- Your goal
Only the lines from the line holding "r_def linear_scale[OF linear_A])" through the final line of the entries below are to be returned, exactly as they stand.

Records excerpted from a collection

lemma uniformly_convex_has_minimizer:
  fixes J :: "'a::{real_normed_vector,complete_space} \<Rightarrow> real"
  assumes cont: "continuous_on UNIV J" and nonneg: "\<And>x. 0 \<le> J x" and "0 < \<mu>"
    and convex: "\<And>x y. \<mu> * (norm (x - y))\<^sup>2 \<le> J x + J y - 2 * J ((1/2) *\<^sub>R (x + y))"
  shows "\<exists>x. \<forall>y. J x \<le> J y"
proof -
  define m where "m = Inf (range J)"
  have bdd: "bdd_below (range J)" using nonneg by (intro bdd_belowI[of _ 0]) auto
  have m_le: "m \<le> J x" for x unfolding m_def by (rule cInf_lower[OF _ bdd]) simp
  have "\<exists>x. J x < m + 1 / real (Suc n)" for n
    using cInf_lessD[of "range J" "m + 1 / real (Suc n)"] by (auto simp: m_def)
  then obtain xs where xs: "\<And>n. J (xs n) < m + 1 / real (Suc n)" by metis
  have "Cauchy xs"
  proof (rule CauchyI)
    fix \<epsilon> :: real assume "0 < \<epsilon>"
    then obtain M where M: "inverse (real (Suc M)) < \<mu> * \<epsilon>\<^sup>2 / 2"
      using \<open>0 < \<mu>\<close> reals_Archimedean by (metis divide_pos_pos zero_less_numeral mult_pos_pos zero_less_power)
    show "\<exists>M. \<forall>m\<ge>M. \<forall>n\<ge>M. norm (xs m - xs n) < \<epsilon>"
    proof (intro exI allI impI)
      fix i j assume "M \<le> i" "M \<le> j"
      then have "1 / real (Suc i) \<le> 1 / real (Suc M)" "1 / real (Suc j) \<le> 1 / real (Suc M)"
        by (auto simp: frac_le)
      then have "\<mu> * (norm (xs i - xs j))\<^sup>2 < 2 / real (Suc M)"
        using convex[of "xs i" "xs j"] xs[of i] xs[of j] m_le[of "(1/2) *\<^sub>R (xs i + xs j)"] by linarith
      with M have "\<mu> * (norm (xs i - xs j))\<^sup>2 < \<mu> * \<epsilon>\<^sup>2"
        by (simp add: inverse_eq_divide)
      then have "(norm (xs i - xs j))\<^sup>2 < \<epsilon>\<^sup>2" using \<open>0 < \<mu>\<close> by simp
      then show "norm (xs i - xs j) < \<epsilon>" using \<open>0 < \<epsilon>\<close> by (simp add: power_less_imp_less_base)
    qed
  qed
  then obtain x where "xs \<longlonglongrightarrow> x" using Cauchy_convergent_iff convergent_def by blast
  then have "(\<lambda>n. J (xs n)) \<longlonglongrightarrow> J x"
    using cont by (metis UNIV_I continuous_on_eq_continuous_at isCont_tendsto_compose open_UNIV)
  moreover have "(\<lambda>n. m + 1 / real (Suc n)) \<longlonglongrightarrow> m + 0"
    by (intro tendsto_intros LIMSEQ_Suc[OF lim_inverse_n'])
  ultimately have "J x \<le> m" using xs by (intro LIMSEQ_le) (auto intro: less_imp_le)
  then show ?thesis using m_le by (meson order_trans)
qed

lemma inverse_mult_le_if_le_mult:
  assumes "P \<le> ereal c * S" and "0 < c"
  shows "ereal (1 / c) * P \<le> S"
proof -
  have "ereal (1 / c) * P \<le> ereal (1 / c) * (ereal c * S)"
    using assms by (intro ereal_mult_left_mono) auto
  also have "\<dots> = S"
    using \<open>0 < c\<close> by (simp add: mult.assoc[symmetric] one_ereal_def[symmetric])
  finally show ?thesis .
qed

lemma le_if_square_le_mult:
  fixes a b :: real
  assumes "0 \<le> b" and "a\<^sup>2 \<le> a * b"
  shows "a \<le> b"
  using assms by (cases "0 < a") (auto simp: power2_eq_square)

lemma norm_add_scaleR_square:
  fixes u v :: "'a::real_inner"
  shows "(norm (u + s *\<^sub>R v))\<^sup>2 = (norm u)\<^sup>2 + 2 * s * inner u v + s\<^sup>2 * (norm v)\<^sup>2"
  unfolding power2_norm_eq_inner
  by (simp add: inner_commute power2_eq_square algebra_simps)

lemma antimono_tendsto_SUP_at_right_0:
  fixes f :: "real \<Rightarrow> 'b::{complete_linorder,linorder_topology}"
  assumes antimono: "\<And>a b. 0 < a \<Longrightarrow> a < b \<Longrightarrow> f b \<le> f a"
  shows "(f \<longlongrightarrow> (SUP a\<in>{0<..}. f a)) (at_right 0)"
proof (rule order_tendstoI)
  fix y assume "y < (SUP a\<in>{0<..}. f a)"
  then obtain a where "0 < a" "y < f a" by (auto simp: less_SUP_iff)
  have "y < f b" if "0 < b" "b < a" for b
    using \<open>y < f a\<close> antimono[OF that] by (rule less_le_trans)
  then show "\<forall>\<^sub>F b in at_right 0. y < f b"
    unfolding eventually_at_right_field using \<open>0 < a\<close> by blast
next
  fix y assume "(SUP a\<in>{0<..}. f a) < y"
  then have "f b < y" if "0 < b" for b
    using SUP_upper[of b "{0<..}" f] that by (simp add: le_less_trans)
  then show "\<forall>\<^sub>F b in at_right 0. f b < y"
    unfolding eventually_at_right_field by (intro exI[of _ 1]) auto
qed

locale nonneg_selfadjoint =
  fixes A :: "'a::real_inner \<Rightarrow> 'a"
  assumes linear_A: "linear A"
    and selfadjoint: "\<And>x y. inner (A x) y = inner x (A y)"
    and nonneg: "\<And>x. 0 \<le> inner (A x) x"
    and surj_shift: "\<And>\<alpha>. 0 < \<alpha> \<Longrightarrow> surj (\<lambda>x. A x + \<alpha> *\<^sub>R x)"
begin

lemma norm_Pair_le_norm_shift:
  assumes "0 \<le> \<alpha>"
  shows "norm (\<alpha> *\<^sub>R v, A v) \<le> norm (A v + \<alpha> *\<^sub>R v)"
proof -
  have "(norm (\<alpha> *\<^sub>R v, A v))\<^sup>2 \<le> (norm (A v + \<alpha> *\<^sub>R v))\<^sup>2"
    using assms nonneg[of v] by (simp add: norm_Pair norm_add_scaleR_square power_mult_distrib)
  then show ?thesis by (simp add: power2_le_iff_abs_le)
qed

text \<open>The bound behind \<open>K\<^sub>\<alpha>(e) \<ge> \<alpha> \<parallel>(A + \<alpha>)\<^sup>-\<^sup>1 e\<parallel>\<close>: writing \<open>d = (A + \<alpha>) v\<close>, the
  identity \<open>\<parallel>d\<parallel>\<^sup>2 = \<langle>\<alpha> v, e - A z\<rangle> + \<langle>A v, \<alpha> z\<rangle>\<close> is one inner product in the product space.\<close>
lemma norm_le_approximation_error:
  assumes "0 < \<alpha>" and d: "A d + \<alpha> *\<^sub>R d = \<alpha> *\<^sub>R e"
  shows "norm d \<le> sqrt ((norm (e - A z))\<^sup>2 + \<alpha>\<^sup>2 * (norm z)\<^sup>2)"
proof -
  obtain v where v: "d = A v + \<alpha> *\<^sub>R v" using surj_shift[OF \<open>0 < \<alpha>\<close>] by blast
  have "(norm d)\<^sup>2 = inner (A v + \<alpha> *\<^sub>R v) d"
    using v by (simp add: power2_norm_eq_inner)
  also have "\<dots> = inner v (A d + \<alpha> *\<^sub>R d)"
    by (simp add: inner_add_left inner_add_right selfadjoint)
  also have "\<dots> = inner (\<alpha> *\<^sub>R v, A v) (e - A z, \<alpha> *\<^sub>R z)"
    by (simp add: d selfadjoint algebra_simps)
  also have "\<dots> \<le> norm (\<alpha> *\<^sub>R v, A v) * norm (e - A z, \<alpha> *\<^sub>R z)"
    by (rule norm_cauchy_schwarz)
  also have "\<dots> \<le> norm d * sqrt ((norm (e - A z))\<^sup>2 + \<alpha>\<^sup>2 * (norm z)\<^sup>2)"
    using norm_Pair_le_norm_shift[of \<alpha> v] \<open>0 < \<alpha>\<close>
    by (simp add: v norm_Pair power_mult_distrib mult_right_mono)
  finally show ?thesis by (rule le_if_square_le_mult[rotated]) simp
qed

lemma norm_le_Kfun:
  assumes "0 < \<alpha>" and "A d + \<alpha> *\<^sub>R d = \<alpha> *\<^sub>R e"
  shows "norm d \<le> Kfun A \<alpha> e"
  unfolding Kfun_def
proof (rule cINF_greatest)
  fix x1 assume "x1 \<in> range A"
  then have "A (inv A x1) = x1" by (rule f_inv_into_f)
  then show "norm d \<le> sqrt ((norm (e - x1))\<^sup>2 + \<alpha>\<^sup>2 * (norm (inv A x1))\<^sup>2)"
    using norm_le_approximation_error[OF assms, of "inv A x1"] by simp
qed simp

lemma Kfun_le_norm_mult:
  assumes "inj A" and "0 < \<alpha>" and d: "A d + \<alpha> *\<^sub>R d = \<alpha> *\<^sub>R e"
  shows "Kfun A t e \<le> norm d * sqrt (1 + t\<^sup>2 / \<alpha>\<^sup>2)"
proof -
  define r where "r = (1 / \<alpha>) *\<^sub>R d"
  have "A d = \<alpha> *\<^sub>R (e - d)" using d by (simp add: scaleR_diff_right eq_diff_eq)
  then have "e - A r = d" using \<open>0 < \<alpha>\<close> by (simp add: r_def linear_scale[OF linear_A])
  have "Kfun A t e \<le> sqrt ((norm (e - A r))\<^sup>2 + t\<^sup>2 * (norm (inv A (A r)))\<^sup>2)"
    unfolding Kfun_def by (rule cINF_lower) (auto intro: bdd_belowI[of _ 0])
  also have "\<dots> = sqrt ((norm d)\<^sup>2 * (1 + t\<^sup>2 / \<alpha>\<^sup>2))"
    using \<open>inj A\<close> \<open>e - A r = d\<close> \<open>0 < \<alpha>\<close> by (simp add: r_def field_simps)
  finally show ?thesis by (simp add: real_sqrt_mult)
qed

- Answer for the task
  then have "e - A r = d" using \<open>0 < \<alpha>\<close> by (simp add: r_def linear_scale[OF linear_A])
  have "Kfun A t e \<le> sqrt ((norm (e - A r))\<^sup>2 + t\<^sup>2 * (norm (inv A (A r)))\<^sup>2)"
    unfolding Kfun_def by (rule cINF_lower) (auto intro: bdd_belowI[of _ 0])
  also have "\<dots> = sqrt ((norm d)\<^sup>2 * (1 + t\<^sup>2 / \<alpha>\<^sup>2))"
    using \<open>inj A\<close> \<open>e - A r = d\<close> \<open>0 < \<alpha>\<close> by (simp add: r_def field_simps)
  finally show ?thesis by (simp add: real_sqrt_mult)
qed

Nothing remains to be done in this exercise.